**Exercise details**
Copy the entries exactly, leaving out nothing.
[Provided information Boundary: Start]
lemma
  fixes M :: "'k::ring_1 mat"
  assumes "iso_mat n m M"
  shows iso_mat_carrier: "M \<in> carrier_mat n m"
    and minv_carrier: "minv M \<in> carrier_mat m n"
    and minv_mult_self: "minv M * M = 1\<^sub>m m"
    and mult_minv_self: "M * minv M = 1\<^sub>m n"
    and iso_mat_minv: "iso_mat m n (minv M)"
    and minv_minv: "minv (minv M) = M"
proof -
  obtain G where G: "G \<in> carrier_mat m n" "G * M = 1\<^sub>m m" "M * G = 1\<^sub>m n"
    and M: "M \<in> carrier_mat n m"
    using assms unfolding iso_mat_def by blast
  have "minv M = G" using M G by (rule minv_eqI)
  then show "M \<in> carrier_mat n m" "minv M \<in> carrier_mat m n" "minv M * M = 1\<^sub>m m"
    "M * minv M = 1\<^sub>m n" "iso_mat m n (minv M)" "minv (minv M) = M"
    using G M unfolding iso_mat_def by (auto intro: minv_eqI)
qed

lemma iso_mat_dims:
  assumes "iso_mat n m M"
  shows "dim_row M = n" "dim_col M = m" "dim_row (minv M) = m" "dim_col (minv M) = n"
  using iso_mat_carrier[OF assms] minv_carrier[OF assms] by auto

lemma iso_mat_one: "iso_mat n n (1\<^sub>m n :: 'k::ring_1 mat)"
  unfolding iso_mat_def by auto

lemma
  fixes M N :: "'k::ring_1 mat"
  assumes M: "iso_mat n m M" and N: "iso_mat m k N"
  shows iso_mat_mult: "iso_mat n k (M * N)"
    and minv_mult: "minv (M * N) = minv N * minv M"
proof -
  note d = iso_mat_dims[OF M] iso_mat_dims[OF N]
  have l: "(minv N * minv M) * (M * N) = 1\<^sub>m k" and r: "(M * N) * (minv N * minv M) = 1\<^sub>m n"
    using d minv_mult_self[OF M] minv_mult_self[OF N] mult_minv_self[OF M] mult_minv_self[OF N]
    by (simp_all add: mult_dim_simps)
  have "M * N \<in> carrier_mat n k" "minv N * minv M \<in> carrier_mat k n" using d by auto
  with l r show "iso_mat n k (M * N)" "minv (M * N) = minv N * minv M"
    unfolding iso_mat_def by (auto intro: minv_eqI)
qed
[Provided information Boundary: End]
**Written solution**
lemma
  fixes M :: "'k::ring_1 mat"
  assumes "iso_mat n m M"
  shows iso_mat_carrier: "M \<in> carrier_mat n m"
    and minv_carrier: "minv M \<in> carrier_mat m n"
    and minv_mult_self: "minv M * M = 1\<^sub>m m"
    and mult_minv_self: "M * minv M = 1\<^sub>m n"
    and iso_mat_minv: "iso_mat m n (minv M)"
    and minv_minv: "minv (minv M) = M"
proof -
  obtain G where G: "G \<in> carrier_mat m n" "G * M = 1\<^sub>m m" "M * G = 1\<^sub>m n"
    and M: "M \<in> carrier_mat n m"
    using assms unfolding iso_mat_def by blast
  have "minv M = G" using M G by (rule minv_eqI)
  then show "M \<in> carrier_mat n m" "minv M \<in> carrier_mat m n" "minv M * M = 1\<^sub>m m"
    "M * minv M = 1\<^sub>m n" "iso_mat m n (minv M)" "minv (minv M) = M"
    using G M unfolding iso_mat_def by (auto intro: minv_eqI)
qed

lemma iso_mat_dims:
  assumes "iso_mat n m M"
  shows "dim_row M = n" "dim_col M = m" "dim_row (minv M) = m" "dim_col (minv M) = n"
  using iso_mat_carrier[OF assms] minv_carrier[OF assms] by auto

lemma iso_mat_one: "iso_mat n n (1\<^sub>m n :: 'k::ring_1 mat)"
  unfolding iso_mat_def by auto

lemma
  fixes M N :: "'k::ring_1 mat"
  assumes M: "iso_mat n m M" and N: "iso_mat m k N"
  shows iso_mat_mult: "iso_mat n k (M * N)"
    and minv_mult: "minv (M * N) = minv N * minv M"
proof -
  note d = iso_mat_dims[OF M] iso_mat_dims[OF N]
  have l: "(minv N * minv M) * (M * N) = 1\<^sub>m k" and r: "(M * N) * (minv N * minv M) = 1\<^sub>m n"
    using d minv_mult_self[OF M] minv_mult_self[OF N] mult_minv_self[OF M] mult_minv_self[OF N]
    by (simp_all add: mult_dim_simps)
  have "M * N \<in> carrier_mat n k" "minv N * minv M \<in> carrier_mat k n" using d by auto
  with l r show "iso_mat n k (M * N)" "minv (M * N) = minv N * minv M"
    unfolding iso_mat_def by (auto intro: minv_eqI)
qed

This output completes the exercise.